■ Activity
Both the line below containing "nat \<Rightarrow> fstate \<Rightarrow>" and the line containing "text \<open>Momentum annihilation", along with every line between them, should be repeated exactly; no other line belongs in the answer.

■ Material provided
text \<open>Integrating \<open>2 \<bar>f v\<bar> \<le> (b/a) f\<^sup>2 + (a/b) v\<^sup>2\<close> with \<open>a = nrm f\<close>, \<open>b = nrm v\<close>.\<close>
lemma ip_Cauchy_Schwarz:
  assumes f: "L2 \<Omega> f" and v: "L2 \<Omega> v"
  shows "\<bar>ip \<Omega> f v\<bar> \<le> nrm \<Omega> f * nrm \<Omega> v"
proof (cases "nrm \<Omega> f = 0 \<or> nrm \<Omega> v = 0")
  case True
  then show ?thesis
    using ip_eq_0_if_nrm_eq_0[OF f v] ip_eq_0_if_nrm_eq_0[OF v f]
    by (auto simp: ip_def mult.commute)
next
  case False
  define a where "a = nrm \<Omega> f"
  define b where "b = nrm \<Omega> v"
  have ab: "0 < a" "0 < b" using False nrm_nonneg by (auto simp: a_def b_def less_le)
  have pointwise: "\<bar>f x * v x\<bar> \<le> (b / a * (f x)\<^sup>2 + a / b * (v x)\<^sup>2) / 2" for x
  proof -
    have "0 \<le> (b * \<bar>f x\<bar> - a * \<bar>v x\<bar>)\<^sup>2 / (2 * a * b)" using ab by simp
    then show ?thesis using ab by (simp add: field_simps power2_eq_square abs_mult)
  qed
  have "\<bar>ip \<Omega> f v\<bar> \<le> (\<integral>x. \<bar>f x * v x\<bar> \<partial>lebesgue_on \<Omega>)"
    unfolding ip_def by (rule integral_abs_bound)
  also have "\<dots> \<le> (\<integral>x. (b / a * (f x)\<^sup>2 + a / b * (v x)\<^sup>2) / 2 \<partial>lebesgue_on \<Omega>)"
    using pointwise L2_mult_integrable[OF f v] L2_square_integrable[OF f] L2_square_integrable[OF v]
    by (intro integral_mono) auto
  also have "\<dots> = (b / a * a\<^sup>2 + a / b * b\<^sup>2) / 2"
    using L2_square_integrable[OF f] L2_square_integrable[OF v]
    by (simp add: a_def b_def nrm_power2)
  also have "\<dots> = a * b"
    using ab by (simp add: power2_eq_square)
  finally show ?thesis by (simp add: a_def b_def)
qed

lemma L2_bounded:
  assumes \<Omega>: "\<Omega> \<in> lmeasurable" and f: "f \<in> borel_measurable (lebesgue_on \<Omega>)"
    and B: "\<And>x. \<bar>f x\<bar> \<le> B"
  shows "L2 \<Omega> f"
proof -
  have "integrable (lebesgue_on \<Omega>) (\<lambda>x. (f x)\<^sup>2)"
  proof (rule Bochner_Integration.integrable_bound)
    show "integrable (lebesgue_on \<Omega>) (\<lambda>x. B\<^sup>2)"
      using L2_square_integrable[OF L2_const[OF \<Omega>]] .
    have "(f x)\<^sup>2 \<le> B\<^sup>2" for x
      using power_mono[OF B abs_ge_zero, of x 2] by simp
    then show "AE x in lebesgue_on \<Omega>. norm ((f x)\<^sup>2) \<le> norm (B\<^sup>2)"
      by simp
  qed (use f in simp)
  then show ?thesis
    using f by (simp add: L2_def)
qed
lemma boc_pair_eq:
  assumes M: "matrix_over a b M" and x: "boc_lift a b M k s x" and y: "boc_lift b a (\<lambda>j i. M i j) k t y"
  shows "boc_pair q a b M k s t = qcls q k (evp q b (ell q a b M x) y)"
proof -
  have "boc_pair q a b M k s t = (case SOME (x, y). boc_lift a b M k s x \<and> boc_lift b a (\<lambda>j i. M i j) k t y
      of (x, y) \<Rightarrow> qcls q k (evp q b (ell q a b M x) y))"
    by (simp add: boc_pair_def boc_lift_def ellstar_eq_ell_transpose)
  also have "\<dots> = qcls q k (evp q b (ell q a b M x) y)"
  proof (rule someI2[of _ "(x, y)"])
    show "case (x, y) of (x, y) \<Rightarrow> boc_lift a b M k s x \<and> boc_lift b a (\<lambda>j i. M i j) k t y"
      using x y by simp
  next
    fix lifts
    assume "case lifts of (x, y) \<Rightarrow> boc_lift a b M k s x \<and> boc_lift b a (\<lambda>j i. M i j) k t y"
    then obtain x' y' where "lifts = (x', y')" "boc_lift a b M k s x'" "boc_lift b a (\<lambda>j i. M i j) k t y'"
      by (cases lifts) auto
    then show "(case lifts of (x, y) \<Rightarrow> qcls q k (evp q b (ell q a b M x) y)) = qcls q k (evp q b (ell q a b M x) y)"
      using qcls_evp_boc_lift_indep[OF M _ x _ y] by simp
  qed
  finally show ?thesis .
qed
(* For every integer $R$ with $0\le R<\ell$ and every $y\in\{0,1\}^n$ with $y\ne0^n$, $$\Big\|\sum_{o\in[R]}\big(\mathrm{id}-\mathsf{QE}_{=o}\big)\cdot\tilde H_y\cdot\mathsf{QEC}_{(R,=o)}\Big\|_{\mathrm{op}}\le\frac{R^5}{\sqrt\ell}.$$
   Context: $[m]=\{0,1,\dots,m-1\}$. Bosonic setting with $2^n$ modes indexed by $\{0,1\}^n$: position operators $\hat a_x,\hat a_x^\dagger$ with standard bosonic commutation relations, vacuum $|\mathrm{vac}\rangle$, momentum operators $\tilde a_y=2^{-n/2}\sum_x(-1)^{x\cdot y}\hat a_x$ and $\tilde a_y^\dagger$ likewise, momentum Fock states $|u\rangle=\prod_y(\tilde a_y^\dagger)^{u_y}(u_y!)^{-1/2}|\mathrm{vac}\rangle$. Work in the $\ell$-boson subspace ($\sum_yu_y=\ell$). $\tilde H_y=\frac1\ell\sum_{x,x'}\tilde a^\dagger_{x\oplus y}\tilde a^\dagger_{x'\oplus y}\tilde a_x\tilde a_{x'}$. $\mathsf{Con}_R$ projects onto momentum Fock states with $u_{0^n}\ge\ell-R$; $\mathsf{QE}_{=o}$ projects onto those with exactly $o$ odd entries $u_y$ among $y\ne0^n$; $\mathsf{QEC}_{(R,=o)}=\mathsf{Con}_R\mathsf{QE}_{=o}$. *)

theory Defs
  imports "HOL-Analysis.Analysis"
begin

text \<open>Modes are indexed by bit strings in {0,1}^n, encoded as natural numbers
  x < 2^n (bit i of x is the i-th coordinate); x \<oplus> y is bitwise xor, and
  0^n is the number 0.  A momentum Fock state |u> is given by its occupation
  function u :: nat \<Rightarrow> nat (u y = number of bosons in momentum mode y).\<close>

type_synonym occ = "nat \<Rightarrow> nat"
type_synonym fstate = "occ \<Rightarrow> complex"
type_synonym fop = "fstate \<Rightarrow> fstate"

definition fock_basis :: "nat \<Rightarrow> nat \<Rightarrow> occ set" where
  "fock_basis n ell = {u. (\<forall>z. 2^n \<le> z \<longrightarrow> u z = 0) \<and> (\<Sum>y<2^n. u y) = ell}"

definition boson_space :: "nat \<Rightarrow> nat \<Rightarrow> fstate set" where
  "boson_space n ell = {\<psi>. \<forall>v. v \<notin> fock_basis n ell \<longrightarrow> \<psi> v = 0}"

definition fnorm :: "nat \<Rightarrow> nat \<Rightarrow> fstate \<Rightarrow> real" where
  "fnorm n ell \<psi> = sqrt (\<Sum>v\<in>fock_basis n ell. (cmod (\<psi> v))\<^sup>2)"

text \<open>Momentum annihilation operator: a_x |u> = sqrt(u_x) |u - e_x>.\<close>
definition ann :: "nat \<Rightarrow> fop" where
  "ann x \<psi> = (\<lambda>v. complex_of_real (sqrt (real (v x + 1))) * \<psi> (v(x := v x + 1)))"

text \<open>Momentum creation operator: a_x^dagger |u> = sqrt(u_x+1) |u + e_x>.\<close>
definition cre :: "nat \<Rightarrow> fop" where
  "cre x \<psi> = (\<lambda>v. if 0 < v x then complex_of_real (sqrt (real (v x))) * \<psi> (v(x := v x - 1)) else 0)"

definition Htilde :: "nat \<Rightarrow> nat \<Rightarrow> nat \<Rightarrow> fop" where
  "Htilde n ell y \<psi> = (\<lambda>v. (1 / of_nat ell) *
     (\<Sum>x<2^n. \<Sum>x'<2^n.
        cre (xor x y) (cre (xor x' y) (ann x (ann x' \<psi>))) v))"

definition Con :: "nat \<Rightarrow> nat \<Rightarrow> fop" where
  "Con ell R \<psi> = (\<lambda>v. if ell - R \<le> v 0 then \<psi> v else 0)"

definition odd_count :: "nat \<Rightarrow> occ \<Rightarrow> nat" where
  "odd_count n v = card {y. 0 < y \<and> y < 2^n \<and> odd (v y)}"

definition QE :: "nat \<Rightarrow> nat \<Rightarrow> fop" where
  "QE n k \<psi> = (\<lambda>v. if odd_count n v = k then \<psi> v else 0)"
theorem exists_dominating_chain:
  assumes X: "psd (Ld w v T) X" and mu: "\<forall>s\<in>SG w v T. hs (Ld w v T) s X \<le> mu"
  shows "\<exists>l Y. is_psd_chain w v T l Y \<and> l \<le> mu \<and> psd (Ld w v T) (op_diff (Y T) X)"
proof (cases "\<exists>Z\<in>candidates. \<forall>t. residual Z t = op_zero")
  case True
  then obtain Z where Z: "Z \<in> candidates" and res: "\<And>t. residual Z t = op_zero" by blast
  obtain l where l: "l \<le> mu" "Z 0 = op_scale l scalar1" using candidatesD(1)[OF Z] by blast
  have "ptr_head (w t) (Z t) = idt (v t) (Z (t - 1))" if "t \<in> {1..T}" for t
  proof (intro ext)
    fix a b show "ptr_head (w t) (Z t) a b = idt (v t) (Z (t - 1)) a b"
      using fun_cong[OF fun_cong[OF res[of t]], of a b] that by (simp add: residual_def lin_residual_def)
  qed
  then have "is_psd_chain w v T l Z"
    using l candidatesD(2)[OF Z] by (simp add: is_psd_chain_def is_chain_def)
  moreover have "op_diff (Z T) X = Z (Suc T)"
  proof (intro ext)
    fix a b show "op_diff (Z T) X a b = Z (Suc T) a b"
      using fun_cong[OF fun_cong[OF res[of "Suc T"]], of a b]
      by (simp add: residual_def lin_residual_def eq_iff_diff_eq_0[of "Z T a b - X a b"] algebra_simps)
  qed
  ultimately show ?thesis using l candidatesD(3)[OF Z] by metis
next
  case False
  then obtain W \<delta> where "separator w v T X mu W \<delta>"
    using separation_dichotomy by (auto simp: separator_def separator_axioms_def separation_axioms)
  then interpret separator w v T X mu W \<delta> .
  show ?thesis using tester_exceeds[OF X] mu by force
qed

■ Response to the exercise
definition fnorm :: "nat \<Rightarrow> nat \<Rightarrow> fstate \<Rightarrow> real" where
  "fnorm n ell \<psi> = sqrt (\<Sum>v\<in>fock_basis n ell. (cmod (\<psi> v))\<^sup>2)"

text \<open>Momentum annihilation operator: a_x |u> = sqrt(u_x) |u - e_x>.\<close>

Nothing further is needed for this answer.